I decided to write this article while doing some research for fun and education. I just want to show how that steganography magik is done. And also to show a bit more things than just do the LSB flip.
So, for who I write? For curious persons just like me. You can google a lot of information on this topic, but it either will be written in some mathspeek or be outdated or inadequate. Sometimes it takes too much time to find out what described idea or algorithm is quite simple. So i will try to share my knowledge in a simple words.
Why Least Significant Bit? Everyone who knows enough about steganography will tell you what LSB is the worst method of data embedding. "It's so bad at hiding" because it is most simple thing what you can do. And as we talking about basics then this is what we need.

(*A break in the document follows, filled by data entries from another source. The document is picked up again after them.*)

theorem extreme_point_of_dual_ball_bcontfun_iff:
  fixes F :: "('a::topological_space \<Rightarrow>\<^sub>C real) \<Rightarrow>\<^sub>L real"
  assumes compact: "compact (UNIV :: 'a set)"
  shows "F extreme_point_of cball 0 1 \<longleftrightarrow> (\<exists>k. F = eval_at k \<or> F = - eval_at k)"
proof
  assume F: "F extreme_point_of cball 0 1"
  obtain k where k: "\<And>h. mult_functional h F = h k *\<^sub>R F"
    using extreme_point_mult_functional_eval_at[OF compact F] by blast
  define a where "a = F (const_bcontfun 1)"
  have "F w = a * eval_at k w" for w
  proof -
    have "bcontfun_mult w (const_bcontfun 1) = w" by (rule bcontfun_eqI) simp
    then have "F w = mult_functional w F (const_bcontfun 1)" by simp
    then show ?thesis by (simp add: k a_def blinfun.scaleR_left)
  qed
  then have Fa: "F = a *\<^sub>R eval_at k"
    by (intro blinfun_eqI) (simp add: blinfun.scaleR_left)
  with norm_extreme_point_of_dual_ball_bcontfun[OF F] have "\<bar>a\<bar> = 1" by simp
  then have "a = 1 \<or> a = - 1" by (cases "0 \<le> a") auto
  with Fa show "\<exists>k. F = eval_at k \<or> F = - eval_at k" by auto
next
  assume "\<exists>k. F = eval_at k \<or> F = - eval_at k"
  then show "F extreme_point_of cball 0 1"
    using eval_at_extreme_point extreme_point_of_cball_uminus by blast
qed

section \<open>The weak* topology\<close>

lemma topspace_weak_star_topology [simp]: "topspace weak_star_topology = UNIV"
  by (simp add: weak_star_topology_def topspace_pullback_topology)

lemma continuous_map_weak_star_topologyI:
  assumes "\<And>x. continuous_map X euclideanreal (\<lambda>y. blinfun_apply (f y) x)"
  shows "continuous_map X weak_star_topology f"
  unfolding weak_star_topology_def
  by (rule continuous_map_pullback') (simp_all add: continuous_map_componentwise_UNIV assms o_def)
(* Let $r\ge 3$ and let $\mathcal{M}$ be a uniform oriented matroid of rank $r$ on $n$ elements. If $X,Y$ are cocircuits of $\mathcal{M}$ with $|X^0\setminus Y^0|=2$, then $d_{\mathcal{M}}(X,Y)\le n-r+1$.
   Context: Sign vectors: for a finite set $E$ and $X\in\{+,-,0\}^E$, write $X^+=\{e:X_e=+\}$, $X^-=\{e:X_e=-\}$, $X^0=\{e:X_e=0\}$, $\operatorname{supp}(X)=X^+\cup X^-$, and $-X$ for the componentwise negation. For sign vectors $X,Y$, the separating set is $S(X,Y)=(X^+\cap Y^-)\cup(X^-\cap Y^+)$, and the composition $X\circ Y$ is given by $(X\circ Y)_e=X_e$ if $X_e\neq 0$ and $(X\circ Y)_e=Y_e$ otherwise. An oriented matroid $\mathcal{M}=(E,\mathcal{C}^* )$ is a finite set $E$ together with a set $\mathcal{C}^*\subseteq\{+,-,0\}^E$ of (signed) cocircuits satisfying: (CC0) $\mathbf{0}\notin\mathcal{C}^*$; (CC1) $X\in\mathcal{C}^*\Rightarrow -X\in\mathcal{C}^*$; (CC2) if $X,Y\in\mathcal{C}^*$ and $\operatorname{supp}(X)\subseteq\operatorname{supp}(Y)$ then $X=\pm Y$; (CC3) if $X,Y\in\mathcal{C}^*$, $X\neq -Y$ and $e\in S(X,Y)$, then there is $Z\in\mathcal{C}^*$ with $Z^+\subseteq (X^+\cup Y^+)\setminus\{e\}$ and $Z^-\subseteq (X^-\cup Y^-)\setminus\{e\}$. The covectors of $\mathcal{M}$ are $\mathbf{0}$ together with all compositions $X^1\circ\cdots\circ X^k$ ($k\ge 1$) of cocircuits, partially ordered componentwise by $0<+$ and $0<-$ ($+,-$ incomparable). The rank $r$ of $\mathcal{M}$ is the largest $k$ such that there is a chain $\mathbf{0}=V_0<V_1<\cdots<V_k$ of covectors. $\mathcal{M}$ is uniform if $|X^0|=r-1$ for every cocircuit $X$. The cocircuit graph $G^*(\mathcal{M})$ has the cocircuits as vertices, with distinct cocircuits $X,Y$ adjacent iff $|X^0\cap Y^0|\ge r-2$ and $S(X,Y)=\emptyset$. $d_{\mathcal{M}}(X,Y)$ denotes graph distance in $G^*(\mathcal{M})$. *)

theory Defs
  imports Main "HOL-Library.Extended_Nat"
begin
text \<open>Up to the first big object every object of the walk is small, so each step enlarges the
  region by at most \<open>m\<close>.\<close>

lemma big_obj_meets_enlarged_cube:
  assumes "successively (igraph obj) xs" "\<forall>u\<in>set xs. bounded (obj u)" "m \<ge> 0"
    "obj (hd xs) \<inter> enlarged_cube a s \<delta> \<noteq> {}" "\<exists>w\<in>set xs. m \<le> obj_size (obj w)"
  shows "\<exists>w\<in>set xs. m \<le> obj_size (obj w) \<and>
           obj w \<inter> enlarged_cube a s (\<delta> + real (length xs - 1) * m) \<noteq> {}"
  using assms
proof (induction xs arbitrary: \<delta>)
  case Nil then show ?case by simp
next
  case (Cons x xs)
  show ?case
  proof (cases "m \<le> obj_size (obj x)")
    case True
    have "enlarged_cube a s \<delta> \<subseteq> enlarged_cube a s (\<delta> + real (length (x#xs) - 1) * m)"
      using Cons.prems(3) by (intro enlarged_cube_mono) simp
    then show ?thesis using True Cons.prems(4) by auto
  next
    case False
    then have "xs \<noteq> []" using Cons.prems(5) by auto
    have edge: "igraph obj x (hd xs)" and walk: "successively (igraph obj) xs"
      using Cons.prems(1) \<open>xs \<noteq> []\<close> by (auto simp: successively_Cons)
    obtain b where "obj x \<subseteq> cube b m"
      using subset_cube_if_obj_size_le[of "obj x" m] Cons.prems(2) False by auto
    then have "obj x \<subseteq> enlarged_cube a s (\<delta> + m)"
      by (rule subset_enlarged_cube_if_meets) (use Cons.prems(4) in simp)
    then have "obj (hd xs) \<inter> enlarged_cube a s (\<delta> + m) \<noteq> {}"
      using edge by (auto simp: igraph_def)
    moreover have "\<forall>u\<in>set xs. bounded (obj u)" "\<exists>w\<in>set xs. m \<le> obj_size (obj w)"
      using Cons.prems(2,5) False by auto
    ultimately obtain w where w: "w \<in> set xs" "m \<le> obj_size (obj w)"
      "obj w \<inter> enlarged_cube a s (\<delta> + m + real (length xs - 1) * m) \<noteq> {}"
      using Cons.IH[OF walk _ Cons.prems(3)] by blast
    moreover have "\<delta> + m + real (length xs - 1) * m = \<delta> + real (length (x#xs) - 1) * m"
      using \<open>xs \<noteq> []\<close> by (cases xs) (auto simp: algebra_simps)
    ultimately show ?thesis by (metis list.set_intros(2))
  qed
qed
lemma wave_derivative_lipschitz:
  fixes R0 :: "real \<Rightarrow> real" and c c0 D :: real
  assumes wave: "solves_wave c R0" and c0: "0 < c0" "c0 \<le> c" and bounded: "\<And>s. \<bar>R0 s\<bar> \<le> D"
  shows "\<bar>deriv R0 y - deriv R0 x\<bar> \<le> 4 * (D + 1) / c0\<^sup>2 * \<bar>y - x\<bar>"
proof -
  define u where "u t = R0 t - sgn (R0 t)" for t
  have u_bound: "\<bar>u t\<bar> \<le> D + 1" for t
    using bounded[of t] by (auto simp: u_def sgn_real_def)
  have force_bound: "\<bar>Delta1 (\<lambda>s. R0 s - sgn (R0 s)) s\<bar> \<le> 4 * (D + 1)" for s
  proof -
    have Delta1_u: "Delta1 (\<lambda>s. R0 s - sgn (R0 s)) s = u (s + 1) - 2 * u s + u (s - 1)"
      by (simp add: Delta1_def u_def)
    show ?thesis unfolding Delta1_u using u_bound[of "s + 1"] u_bound[of s] u_bound[of "s - 1"]
      by (simp add: abs_le_iff)
  qed
  have ordered: "\<bar>deriv R0 v - deriv R0 u\<bar> \<le> 4 * (D + 1) / c0\<^sup>2 * (v - u)" if uv: "u \<le> v" for u v
  proof -
    have c0_sq: "0 < c0\<^sup>2" using c0 by simp
    have "c0\<^sup>2 * \<bar>deriv R0 v - deriv R0 u\<bar> \<le> c\<^sup>2 * \<bar>deriv R0 v - deriv R0 u\<bar>"
      using c0 by (intro mult_right_mono power_mono) auto
    also have "\<dots> = \<bar>c\<^sup>2 * (deriv R0 v - deriv R0 u)\<bar>" by (simp add: abs_mult)
    also have "\<dots> = \<bar>integral {u..v} (Delta1 (\<lambda>s. R0 s - sgn (R0 s)))\<bar>"
      using wave uv by (simp add: solves_wave_def)
    also have "\<dots> \<le> integral {u..v} (\<lambda>s. 4 * (D + 1))"
      by (rule abs_integral_le[OF force_bound]) auto
    also have "\<dots> = 4 * (D + 1) * (v - u)" using uv by simp
    finally have "c0\<^sup>2 * \<bar>deriv R0 v - deriv R0 u\<bar> \<le> 4 * (D + 1) * (v - u)" .
    then show ?thesis using c0_sq by (simp add: pos_le_divide_eq mult.commute)
  qed
  show ?thesis
    using ordered[of x y] ordered[of y x] by (cases "x \<le> y") (simp_all add: abs_minus_commute)
qed
(* If $f\in\mathcal{C}_n$ and $r\in[-1,1]\setminus\{0\}$, then the function $f_r:\Gamma_+\to\mathbb{R}$ given by $f_r(x_1,\dots,x_n)=\big(f(x_1^r,\dots,x_n^r)\big)^{1/r}$ belongs to $\mathcal{C}_n$.
   Context: $\Gamma_+=\{x\in\mathbb{R}^n: x_i>0\ \forall i\}$. $\mathcal{C}_n$ is the class of functions $f:\Gamma_+\to\mathbb{R}$ which are $C^\infty$, homogeneous of degree one ($f(cx)=cf(x)$ for $c>0$), strictly monotone increasing ($\partial f/\partial x_i>0$ for each $i$), concave, and inverse-concave, meaning $f^*(x_1,\dots,x_n)=-f(x_1^{-1},\dots,x_n^{-1})$ is concave on $\Gamma_+$. *)

theory Defs
  imports "HOL-Analysis.Analysis"
begin

definition pos_cone :: "(real ^ 'n) set" where
  "pos_cone = {x. \<forall>i. 0 < x $ i}"

fun Ck_on :: "nat \<Rightarrow> (real ^ 'n) set \<Rightarrow> (real ^ 'n \<Rightarrow> real) \<Rightarrow> bool" where
  "Ck_on 0 S f = continuous_on S f"
| "Ck_on (Suc k) S f =
     (\<exists>f'. (\<forall>x\<in>S. (f has_derivative f' x) (at x)) \<and>
           (\<forall>i. Ck_on k S (\<lambda>x. f' x (axis i 1))))"

definition smooth_on :: "(real ^ 'n) set \<Rightarrow> (real ^ 'n \<Rightarrow> real) \<Rightarrow> bool" where
  "smooth_on S f \<longleftrightarrow> (\<forall>k. Ck_on k S f)"

definition class_C :: "(real ^ 'n \<Rightarrow> real) \<Rightarrow> bool" where
  "class_C f \<longleftrightarrow>
     smooth_on pos_cone f \<and>
     (\<forall>x\<in>pos_cone. \<forall>c>0. f (c *\<^sub>R x) = c * f x) \<and>
     (\<forall>x\<in>pos_cone. \<forall>i. \<exists>D. (f has_derivative D) (at x) \<and> D (axis i 1) > 0) \<and>
     concave_on pos_cone f \<and>
     concave_on pos_cone (\<lambda>x. - f (\<chi> i. inverse (x $ i)))"
definition J_equiv ::
  "('m \<Rightarrow> 'm \<Rightarrow> 'm) \<Rightarrow> 'j set \<Rightarrow> ('j \<Rightarrow> 'j \<Rightarrow> bool) \<Rightarrow>
   'l set \<Rightarrow> ('l \<Rightarrow> 'l \<Rightarrow> bool) \<Rightarrow> ('l \<Rightarrow> 'l \<Rightarrow> 'm) \<Rightarrow> 'u set \<Rightarrow>
   ('u \<Rightarrow> 'l) \<Rightarrow> ('j \<Rightarrow> 'u \<Rightarrow> 'm) \<Rightarrow> ('u \<Rightarrow> 'l) \<Rightarrow> ('j \<Rightarrow> 'u \<Rightarrow> 'm) \<Rightarrow> bool" where
  "J_equiv cmp J leJ L leL p M f fj g gj \<longleftrightarrow>
     (\<forall>u\<in>M. \<exists>l\<in>L. leL (f u) l \<and> leL (g u) l \<and>
        (\<exists>j0\<in>J. \<forall>j'\<in>J. leJ j0 j' \<longrightarrow> cmp (fj j' u) (p (f u) l) = cmp (gj j' u) (p (g u) l)))"

end

(*
  Choose for every u <= u' in M an index w(u, u') in Lambda at which the square of the
  J-morphism commutes eventually in J.  Since every u has only finitely many predecessors,
  recursion along the strict predecessors yields an increasing F : M -> Lambda with F(u)
  above f(u) and above w(k, u) for all k <= u.  Pushing each square up from w(u, u') to
  F(u') along the bonding maps shows that f'^j_u = f^j_u p_{f(u) F(u)} is simple, and
  with lambda = F(u) it is equivalent to (f, f^j_u).
*)
theory Submission
  imports Defs
begin

lemma category_comp_hom:
  assumes "category Ob Hom cmp idm" "a \<in> Ob" "b \<in> Ob" "c \<in> Ob" "f \<in> Hom a b" "g \<in> Hom b c"
  shows "cmp g f \<in> Hom a c"
  using assms unfolding category_def by blast

lemma category_assoc:
  assumes "category Ob Hom cmp idm" "a \<in> Ob" "b \<in> Ob" "c \<in> Ob" "d \<in> Ob"
    and "f \<in> Hom a b" "g \<in> Hom b c" "h \<in> Hom c d"
  shows "cmp h (cmp g f) = cmp (cmp h g) f"
  using assms unfolding category_def by blast

lemma inverse_system_ob:
  assumes "inverse_system Ob Hom cmp idm L le X p" "l \<in> L"
  shows "X l \<in> Ob"
  using assms unfolding inverse_system_def by blast

lemma inverse_system_bond_hom:
  assumes "inverse_system Ob Hom cmp idm L le X p" "l \<in> L" "l' \<in> L" "le l l'"
  shows "p l l' \<in> Hom (X l') (X l)"
  using assms unfolding inverse_system_def by blast

lemma inverse_system_bond_trans:
  assumes "inverse_system Ob Hom cmp idm L le X p" "l \<in> L" "l' \<in> L" "l'' \<in> L" "le l l'" "le l' l''"
  shows "cmp (p l l') (p l' l'') = p l l''"
  using assms unfolding inverse_system_def by blast

lemma inverse_system_directed:
  assumes "inverse_system Ob Hom cmp idm L le X p"
  shows "directed_preorder L le"
  using assms unfolding inverse_system_def by blast

lemma inverse_system_reflp_on:
  assumes "inverse_system Ob Hom cmp idm L le X p"
  shows "reflp_on L le"
  using assms unfolding inverse_system_def directed_preorder_def reflp_on_def by blast

lemma inverse_system_transp_on:
  assumes "inverse_system Ob Hom cmp idm L le X p"
  shows "transp_on L le"
  using assms unfolding inverse_system_def directed_preorder_def transp_on_def by blast
(* Let $n\geq2$ and let $\mathbb{F}$ be a field. Then the reduct $\widetilde H_n(\mathbb{F})/\sim$ is isomorphic to $H_n(\mathbb{F})$.
   Context: Let $V=\mathbb{F}^{n+1}$ with dual $V^*$. $H_n(\mathbb{F})$ is the graph whose vertices are pairs $(x,X)$ with $x$ a point and $X$ a hyperplane of the projective space $\mathbb{P}(V)$ with $x\not\subset X$, where $(x,X)\perp(y,Y)$ iff $x\subset Y$ and $y\subset X$. $\widetilde H_n(\mathbb{F})$ is the graph with vertex set $\{v\otimes f\in V\otimes V^*: v\in V, f\in V^*, f(v)\neq0\}$ in which $v\otimes f\perp w\otimes g$ iff $f(w)=g(v)=0$. For a graph, $u\sim v$ iff $u,v$ have the same neighbourhood; the reduct $\Gamma/\sim$ has the $\sim$-classes as vertices, with adjacency inherited from representatives. *)

theory Defs
  imports "HOL-Analysis.Analysis"
begin

text \<open>V = F^(n+1) is modelled as the type 'a ^ 'n with CARD('n) = n+1.
  The dual space V* is the set of F-linear functionals V \<Rightarrow> F.\<close>

definition dual_space :: "('a::field ^ 'n \<Rightarrow> 'a) set" where
  "dual_space = {f. (\<forall>v w. f (v + w) = f v + f w) \<and> (\<forall>c v. f (c *s v) = c * f v)}"

definition proj_point :: "'a::field ^ 'n \<Rightarrow> ('a ^ 'n) set" where
  "proj_point v = range (\<lambda>c. c *s v)"

definition proj_points :: "('a::field ^ 'n) set set" where
  "proj_points = {proj_point v | v. v \<noteq> 0}"

definition proj_hyperplanes :: "('a::field ^ 'n) set set" where
  "proj_hyperplanes = {{w. f w = 0} | f. f \<in> dual_space \<and> f \<noteq> (\<lambda>_. 0)}"

definition H_verts :: "(('a::field ^ 'n) set \<times> ('a ^ 'n) set) set" where
  "H_verts = {(x, X). x \<in> proj_points \<and> X \<in> proj_hyperplanes \<and> \<not> x \<subseteq> X}"

definition H_adj :: "('a::field ^ 'n) set \<times> ('a ^ 'n) set \<Rightarrow> ('a ^ 'n) set \<times> ('a ^ 'n) set \<Rightarrow> bool" where
  "H_adj p q = (fst p \<subseteq> snd q \<and> fst q \<subseteq> snd p)"

text \<open>V \<otimes> V* is identified with End(V) canonically: v \<otimes> f is the map w \<mapsto> f(w) v.\<close>

definition tensor :: "'a::field ^ 'n \<Rightarrow> ('a ^ 'n \<Rightarrow> 'a) \<Rightarrow> ('a ^ 'n \<Rightarrow> 'a ^ 'n)" where
  "tensor v f = (\<lambda>w. f w *s v)"

definition Ht_verts :: "('a::field ^ 'n \<Rightarrow> 'a ^ 'n) set" where
  "Ht_verts = {tensor v f | v f. f \<in> dual_space \<and> f v \<noteq> 0}"

definition Ht_adj :: "('a::field ^ 'n \<Rightarrow> 'a ^ 'n) \<Rightarrow> ('a ^ 'n \<Rightarrow> 'a ^ 'n) \<Rightarrow> bool" where
  "Ht_adj T S = (\<exists>v f w g. T = tensor v f \<and> S = tensor w g \<and> f \<in> dual_space \<and> g \<in> dual_space
       \<and> f v \<noteq> 0 \<and> g w \<noteq> 0 \<and> f w = 0 \<and> g v = 0)"

definition nbhd :: "'v set \<Rightarrow> ('v \<Rightarrow> 'v \<Rightarrow> bool) \<Rightarrow> 'v \<Rightarrow> 'v set" where
  "nbhd V E u = {w \<in> V. E u w}"

definition reduct_verts :: "'v set \<Rightarrow> ('v \<Rightarrow> 'v \<Rightarrow> bool) \<Rightarrow> 'v set set" where
  "reduct_verts V E = (\<lambda>u. {w \<in> V. nbhd V E w = nbhd V E u}) ` V"

definition reduct_adj :: "('v \<Rightarrow> 'v \<Rightarrow> bool) \<Rightarrow> 'v set \<Rightarrow> 'v set \<Rightarrow> bool" where
  "reduct_adj E C D = (\<exists>u\<in>C. \<exists>w\<in>D. E u w)"

definition graph_iso :: "'v set \<Rightarrow> ('v \<Rightarrow> 'v \<Rightarrow> bool) \<Rightarrow> 'w set \<Rightarrow> ('w \<Rightarrow> 'w \<Rightarrow> bool) \<Rightarrow> bool" where
  "graph_iso V1 E1 V2 E2 = (\<exists>\<phi>. bij_betw \<phi> V1 V2 \<and> (\<forall>u\<in>V1. \<forall>w\<in>V1. E1 u w \<longleftrightarrow> E2 (\<phi> u) (\<phi> w)))"

end

theory Submission
  imports Defs
begin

While doing my research i wrote a bit of code. And that code evolved to a small lib what can do several tricks with LSB. You can find it here: https://github.com/desudesutalk/lsbtools
Most usable part of it is online version of that tools: http://desudesutalk.github.io/lsbtools/
First lets take a look at that so called "LSB plane". I downloaded some random picture from the internet, then processed it in a way what changes color value to 255 if its LSB is set and makes color equals to 0 if LSB is not set.
In my case output was like this (here is apart of image upscaled 4 times):
Looks quite random! But if you look closely you will see what there is something in that mess what looks like part of original image squeezing through.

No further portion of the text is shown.